Splendor is a multiplayer card-basedboard game, designed by Marc André and illustrated by Pascal Quidault, first published in 2014 by Space Cowboys, Asmodee. The board consists of cards laid out in a grid. Players are gem merchants of the Renaissance buying gem mines, transportation, and shops. The game was nominated for the 2014 Spiel des Jahres. An expansion, Cities of Splendor, was released in 2017 with four included modules.
Gameplay
Splendor is an engine-building and resource management game in which two to four players compete to collect the most prestige points. The game uses the following:
40 gem tokens - seven each of emerald, sapphire, ruby, diamond, onyx, and five gold. These are represented by poker-style chips.
90 development cards
10 Noble tiles
Each development card falls into one of three levels indicating the difficulty of obtaining the gems required to purchase that card. Every development card also is worth a particular gem, which may be used for future development card purchases. Before the game begins, n+1 Noble tiles are dealt in the center, visible to the players, where n is the number of players. Four cards from each level are dealt face up visible to the players, and the rest are kept in separate decks of their corresponding difficulty levels.
Turns
A player's turn consists of a single action, which must be one of the following:
Take up to three gem tokens of different colors from the pool.
Take one gold gem token and reserve one development card.
Purchase a development card by spending the required gem tokens or/and using the value of the cards in your field of play.
After this action:
If the player has earned enough development card gems to trigger a Noble points bonus, that player is "visited" by the Noble, and takes that Noble tile.
* If player is eligible for visit by more than one Noble, player can choose the Noble.
* Noble tile is not replaced by a new one.
* Player gets to keep the Noble until the end of the game.
If player has more than 10 gems in possession, return few gems to limit total count of gems in your possession to 10 or lesser.

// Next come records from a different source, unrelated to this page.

(* In the time-dependent setting below, for $u^0\in l^{\infty,+}$ and $t_0\in\mathbb R$: if $u^0\le d\phi(t_0,\cdot)+d_1\phi_1(t_0,\cdot)$ (resp. $u^0\ge d\phi(t_0,\cdot)-d_1\phi_1(t_0,\cdot)$) with $0<d\le2$ and $d_1$ sufficiently large, then $u(t;t_0,u^0)\le d\phi(t,\cdot)+d_1\phi_1(t,\cdot)$ (resp. $u(t;t_0,u^0)\ge d\phi(t,\cdot)-d_1\phi_1(t,\cdot)$) for all $t\ge t_0$.
   Context: Time-dependent setting: the lattice equation $\dot u_j(t)=\big(u_{j+1}(t)-u_j(t)\big)+\big(u_{j-1}(t)-u_j(t)\big)+u_j(t)f(t,u_j(t))$, $j\in\mathbb Z$ (spatially homogeneous, unit diffusion, which is the normalization behind the formulas below), where $f$ satisfies (H0): locally Hölder in $t$, Lipschitz in $u$, $C^1$ in $u$ for $u\ge0$, $f(t,u)=f(t,0)$ for $u\le0$, $f(t,u)<0$ for $u\ge M_0$, $f_u<0$ for $u\ge0$, $\liminf_{t-s\to\infty}\frac1{t-s}\int_s^tf(\tau,0)d\tau>0$. $u(t;s,u^0)$ is the solution with $u(s;s,u^0)=u^0$; $l^{\infty,+}$ is the set of bounded nonnegative sequences; inequalities componentwise. Let $\bar f_{\inf}=\liminf_{t-s\to\infty}\frac1{t-s}\int_s^tf(\tau,0)d\tau$ and $\tilde c_0^-=\inf_{\mu>0}\frac{e^{-\mu}+e^\mu-2+\bar f_{\inf}}{\mu}$, attained at a unique $\mu^*>0$. Fix $\gamma>\tilde c_0^-$, let $0<\mu<\mu^*$ solve $\frac{e^{-\mu}+e^\mu-2+\bar f_{\inf}}{\mu}=\gamma$, and $c(t)=\frac{e^{-\mu}+e^\mu-2+f(t,0)}{\mu}$. Let $\phi(t,j)=e^{-\mu(j-\int_0^tc(\tau)d\tau)}$. Choose $\tilde\mu\in(\mu,2\mu)$ such that $B(t)=-(e^{-\tilde\mu}+e^{\tilde\mu}-2)+c(t)\tilde\mu-f(t,0)$ has $\liminf_{t-s\to\infty}\frac1{t-s}\int_s^tB>0$, and $A\in W^{1,\infty}(\mathbb R)$ with $\operatorname{ess\,inf}_{t}(A'(t)+B(t))>0$. Let $\phi_1(t,j)=e^{A(t)-\tilde\mu(j-\int_0^tc(\tau)d\tau)}$. *)

theory Defs
  imports "HOL-Analysis.Analysis"
begin

definition oint :: "real \<Rightarrow> real \<Rightarrow> (real \<Rightarrow> real) \<Rightarrow> real" where
  "oint a b g = (if a \<le> b then integral {a..b} g else - integral {b..a} g)"

text \<open>liminf_{t-s \<rightarrow> \<infinity>} (1/(t-s)) int_s^t g, as an extended real.\<close>
definition mean_liminf :: "(real \<Rightarrow> real) \<Rightarrow> ereal" where
  "mean_liminf g = (SUP T::real. INF p \<in> {(s,t). t - s \<ge> T}.
      ereal (integral {fst p..snd p} g / (snd p - fst p)))"

definition H0 :: "(real \<Rightarrow> real \<Rightarrow> real) \<Rightarrow> (real \<Rightarrow> real \<Rightarrow> real) \<Rightarrow> real \<Rightarrow> bool" where
  "H0 f fu M0 \<longleftrightarrow>
     (\<forall>a b R. \<exists>C \<alpha>. C \<ge> 0 \<and> 0 < \<alpha> \<and> \<alpha> \<le> 1 \<and>
        (\<forall>s\<in>{a..b}. \<forall>t\<in>{a..b}. \<forall>u. \<bar>u\<bar> \<le> R \<longrightarrow> \<bar>f t u - f s u\<bar> \<le> C * \<bar>t - s\<bar> powr \<alpha>)) \<and>
     (\<forall>R. \<exists>L. \<forall>t u v. \<bar>u\<bar> \<le> R \<longrightarrow> \<bar>v\<bar> \<le> R \<longrightarrow> \<bar>f t u - f t v\<bar> \<le> L * \<bar>u - v\<bar>) \<and>
     (\<forall>t u. 0 \<le> u \<longrightarrow> (f t has_real_derivative fu t u) (at u within {0..})) \<and>
     (\<forall>t. continuous_on {0..} (fu t)) \<and>
     (\<forall>t u. u \<le> 0 \<longrightarrow> f t u = f t 0) \<and>
     (\<forall>t u. M0 \<le> u \<longrightarrow> f t u < 0) \<and>
     (\<forall>t u. 0 \<le> u \<longrightarrow> fu t u < 0) \<and>
     mean_liminf (\<lambda>\<tau>. f \<tau> 0) > 0"

definition lattice_solution :: "(real \<Rightarrow> real \<Rightarrow> real) \<Rightarrow> real \<Rightarrow> (int \<Rightarrow> real) \<Rightarrow> (real \<Rightarrow> int \<Rightarrow> real) \<Rightarrow> bool" where
  "lattice_solution f t0 u0 u \<longleftrightarrow>
     u t0 = u0 \<and>
     (\<forall>T. \<exists>K. \<forall>t\<in>{t0..T}. \<forall>j. \<bar>u t j\<bar> \<le> K) \<and>
     (\<forall>t\<ge>t0. \<forall>j. ((\<lambda>s. u s j) has_real_derivative
         (u t (j+1) - u t j) + (u t (j-1) - u t j) + u t j * f t (u t j)) (at t within {t0..}))"

definition linf_plus :: "(int \<Rightarrow> real) \<Rightarrow> bool" where
  "linf_plus u0 \<longleftrightarrow> (\<forall>j. 0 \<le> u0 j) \<and> (\<exists>K. \<forall>j. u0 j \<le> K)"

end

theory Submission
  imports Defs
begin

text \<open>Both bounds come from a comparison principle on the infinite lattice, proved with a
  barrier growing like \<open>cosh j\<close>. The front \<open>\<phi>\<close> solves the linearised equation exactly. Since
  \<open>A\<close> is only Lipschitz, \<open>\<phi>\<^sub>1\<close> is replaced by a front in which \<open>A\<close> is replaced, from a
  starting time \<open>r\<close> on, by the \<open>C\<^sup>1\<close> function with value \<open>A r\<close> at \<open>r\<close> and derivative
  \<open>\<delta> - B\<close>; it stays below \<open>A\<close>, and the modified front solves the linearised equation with
  the extra source \<open>\<delta>\<close> times itself. As \<open>f(t,u) \<le> f(t,0)\<close>, \<open>d \<phi> + d\<^sub>1 \<phi>\<^sub>1\<close> (so modified)
  is a supersolution. Where \<open>w = d \<phi> - d\<^sub>1 \<phi>\<^sub>1\<close> is positive, \<open>\<mu> < \<mu>t\<close> forces the
  \<open>\<phi>\<close>-term to dominate, so \<open>0 < w \<le> 2\<close> and the nonlinear loss \<open>w (f(t,0) - f(t,w)) \<le> L w\<^sup>2\<close>
  is absorbed by the extra source once \<open>d\<^sub>1\<close> is large; hence \<open>w\<close> is a subsolution. This needs
  the smoothed \<open>A\<close> bounded below, which holds only for a time of order one after the restart,
  so the lower bound is propagated in steps of fixed length.\<close>

definition lattice_laplacian :: "(int \<Rightarrow> real) \<Rightarrow> int \<Rightarrow> real" where
  "lattice_laplacian v j = v (j + 1) + v (j - 1) - 2 * v j"

lemma abs_le_two_cosh: "\<bar>x\<bar> \<le> 2 * cosh (x::real)"
proof -
  have "\<bar>x\<bar> \<le> exp \<bar>x\<bar>" using exp_ge_add_one_self[of "\<bar>x\<bar>"] by linarith
  also have "exp \<bar>x\<bar> \<le> exp x + exp (- x)" by (cases "x \<ge> 0") auto
  finally show ?thesis by (simp add: cosh_field_def)
qed

lemma has_real_derivative_nonneg_at_first_max:
  fixes h :: "real \<Rightarrow> real"
  assumes "(h has_real_derivative D) (at t within {s..})" "s < t" "\<forall>x\<in>{s..<t}. h x < h t"
  shows "0 \<le> D"
proof (rule ccontr)
  assume "\<not> 0 \<le> D"
  then obtain d where "0 < d" and dec: "\<forall>k>0. t - k \<in> {s..} \<longrightarrow> k < d \<longrightarrow> h t < h (t - k)"
    using has_real_derivative_neg_dec_left[OF assms(1)] by force
  define k where "k = min (d / 2) (t - s)"
  have "0 < k" "k < d" "t - k \<in> {s..<t}" using \<open>0 < d\<close> \<open>s < t\<close> unfolding k_def by auto
  thus False using dec assms(3) by fastforce
qed

lemma first_nonneg_time:
  fixes g :: "'a \<Rightarrow> real \<Rightarrow> real"
  assumes cont: "\<And>j. continuous_on {s..T} (g j)"
    and start: "\<And>j. g j s < 0"
    and tail: "finite J" "\<And>j t. j \<notin> J \<Longrightarrow> t \<in> {s..T} \<Longrightarrow> g j t < 0"
    and hit: "t1 \<in> {s..T}" "0 \<le> g j1 t1"
  obtains ts js where "s < ts" "ts \<le> T" "g js ts = 0" "\<And>j. g j ts \<le> 0"
    "\<And>t. t \<in> {s..<ts} \<Longrightarrow> g js t < 0"
proof -
  define V where "V = {t \<in> {s..T}. \<exists>j. 0 \<le> g j t}"
  have V_eq: "V = (\<Union>j\<in>J. {t \<in> {s..T}. 0 \<le> g j t})"
    unfolding V_def using tail(2) by (force simp: not_less[symmetric])
  have "closed {t \<in> {s..T}. 0 \<le> g j t}" for j
    by (rule continuous_on_closed_Collect_le[OF continuous_on_const cont closed_atLeastAtMost])
  hence "closed V" unfolding V_eq by (intro closed_UN tail(1) ballI)
  moreover have "t1 \<in> V" using hit unfolding V_def by blast
  moreover have "bdd_below V" unfolding V_def by (auto intro: bdd_belowI[of _ s])
  ultimately have "Inf V \<in> V" using closed_contains_Inf by blast
  define ts where "ts = Inf V"
  have before: "g j t < 0" if "t \<in> {s..<ts}" for j t
  proof -
    have "t \<notin> V" using that \<open>bdd_below V\<close> cInf_lower[of t V] unfolding ts_def by force
    moreover have "t \<in> {s..T}" using that \<open>Inf V \<in> V\<close> unfolding V_def ts_def by auto
    ultimately show ?thesis unfolding V_def by (auto simp: not_le)
  qed
  obtain js where ts: "ts \<in> {s..T}" "0 \<le> g js ts" using \<open>Inf V \<in> V\<close> unfolding V_def ts_def by auto
  have "s < ts" using ts start[of js] by (cases "ts = s") auto
  have at_ts: "g j ts \<le> 0" for j
  proof (rule ccontr)
    assume "\<not> g j ts \<le> 0"
    have "continuous_on {s..ts} (g j)" by (rule continuous_on_subset[OF cont]) (use ts in auto)
    moreover have "g j s \<le> 0" "0 \<le> g j ts" using start[of j] \<open>\<not> g j ts \<le> 0\<close> by auto
    ultimately obtain x where "s \<le> x" "x \<le> ts" "g j x = 0"
      using IVT'[of "g j" s 0 ts] \<open>s < ts\<close> by auto
    thus False using before[of x j] \<open>\<not> g j ts \<le> 0\<close> by (cases "x = ts") auto
  qed
  show thesis by (rule that[of ts js]) (use \<open>s < ts\<close> ts at_ts at_ts[of js] before in auto)
qed

text \<open>The barrier \<open>\<epsilon> exp (\<Lambda> (t - s)) cosh j\<close> is a strict supersolution because
  \<open>cosh (j + 1) + cosh (j - 1) = 2 cosh 1 cosh j\<close>; it grows in \<open>j\<close>, so a bounded \<open>z\<close> can
  only reach it first at a finite site, where the differential inequality is violated.\<close>

lemma lattice_barrier:
  fixes z z' :: "real \<Rightarrow> int \<Rightarrow> real"
  assumes \<Lambda>: "0 \<le> \<Lambda>" "K + 2 * cosh 1 - 2 < \<Lambda>" and \<epsilon>: "0 < \<epsilon>"
    and init: "\<forall>j. z s j \<le> 0"
    and bdd: "\<forall>t\<in>{s..T}. \<forall>j. z t j \<le> M"
    and der: "\<forall>t\<in>{s..T}. \<forall>j. ((\<lambda>\<tau>. z \<tau> j) has_real_derivative z' t j) (at t within {s..})"
    and ineq: "\<forall>t\<in>{s..T}. \<forall>j. 0 < z t j \<longrightarrow> z' t j \<le> lattice_laplacian (z t) j + K * z t j"
  shows "\<forall>t\<in>{s..T}. \<forall>j. z t j < \<epsilon> * exp (\<Lambda> * (t - s)) * cosh (real_of_int j)"
proof (rule ccontr)
  define b where "b t j = \<epsilon> * exp (\<Lambda> * (t - s)) * cosh (real_of_int j)" for t j
  define g where "g j t = z t j - b t j" for j t
  have b_pos: "0 < b t j" for t j unfolding b_def using \<epsilon> by simp
  have b_lap: "lattice_laplacian (b t) j = (2 * cosh 1 - 2) * b t j" for t j
    unfolding lattice_laplacian_def b_def by (simp add: cosh_add cosh_diff algebra_simps)
  have gder: "(g j has_real_derivative z' t j - \<Lambda> * b t j) (at t within {s..})" if "t \<in> {s..T}" for j t
    unfolding g_def b_def using der that by (auto intro!: derivative_eq_intros)
  have cont: "continuous_on {s..T} (g j)" for j
    by (rule DERIV_continuous_on[OF has_field_derivative_subset[OF gder]]) auto
  have start: "g j s < 0" for j unfolding g_def using init b_pos[of s j] by (metis diff_less_0_iff_less le_less_trans)
  define N where "N = \<lceil>2 * \<bar>M\<bar> / \<epsilon>\<rceil>"
  have tail: "g j t < 0" if "j \<notin> {-N..N}" "t \<in> {s..T}" for j t
  proof -
    have "real_of_int N < \<bar>real_of_int j\<bar>" using that(1) by auto
    moreover have "2 * \<bar>M\<bar> / \<epsilon> \<le> real_of_int N" unfolding N_def by (rule le_of_int_ceiling)
    ultimately have "2 * \<bar>M\<bar> / \<epsilon> < \<bar>real_of_int j\<bar>" by linarith
    hence "2 * \<bar>M\<bar> < \<epsilon> * \<bar>real_of_int j\<bar>" using \<epsilon> by (simp add: pos_divide_less_eq algebra_simps)
    also have "\<dots> \<le> \<epsilon> * (2 * cosh (real_of_int j))"
      by (intro mult_left_mono abs_le_two_cosh) (use \<epsilon> in simp)
    also have "\<dots> \<le> 2 * b t j"
      unfolding b_def using \<epsilon> \<Lambda>(1) that(2) by (simp add: mult_le_cancel_left1)
    finally have "\<bar>M\<bar> < b t j" by simp
    moreover have "z t j \<le> M" using bdd that(2) by blast
    ultimately show ?thesis unfolding g_def using abs_ge_self[of M] by linarith
  qed
  assume "\<not> ?thesis"
  then obtain t1 j1 where hit: "t1 \<in> {s..T}" "0 \<le> g j1 t1"
    unfolding g_def b_def by (auto simp: not_less)
  obtain ts js where ts: "s < ts" "ts \<le> T" "g js ts = 0" "\<And>j. g j ts \<le> 0"
      "\<And>t. t \<in> {s..<ts} \<Longrightarrow> g js t < 0"
    using first_nonneg_time[where g = g and J = "{-N..N}", OF cont start finite_atLeastAtMost_int tail hit] by blast
  have "0 \<le> z' ts js - \<Lambda> * b ts js"
    using has_real_derivative_nonneg_at_first_max[OF gder[of ts js]] ts by auto
  moreover have "z' ts js - \<Lambda> * b ts js < 0"
  proof -
    have z_eq: "z ts js = b ts js" using ts(3) unfolding g_def by simp
    have "z' ts js \<le> lattice_laplacian (z ts) js + K * z ts js"
      using ineq[rule_format, of ts js] ts(1,2) z_eq b_pos[of ts js] by simp
    also have "\<dots> \<le> lattice_laplacian (b ts) js + K * b ts js"
      using ts(4)[of "js + 1"] ts(4)[of "js - 1"] z_eq unfolding g_def lattice_laplacian_def by simp
    also have "\<dots> < \<Lambda> * b ts js"
      using mult_strict_right_mono[OF \<Lambda>(2) b_pos[of ts js]] by (simp add: b_lap algebra_simps)
    finally show ?thesis by simp
  qed
  ultimately show False by simp
qed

If a development card is purchased, it is replaced from the top card on the respective deck. When the deck runs out, there are no more cards of that rank available.
End of game
When one player reaches 15 prestige points, the players continue playing the current round until each player has taken the same number of turns. Once this occurs, the game ends.
Scoring
Once the game ends, whoever has the most prestige points wins; in case of a tie, whoever purchased the fewest development cards wins. If this fails to break the tie, the players will then share the victory.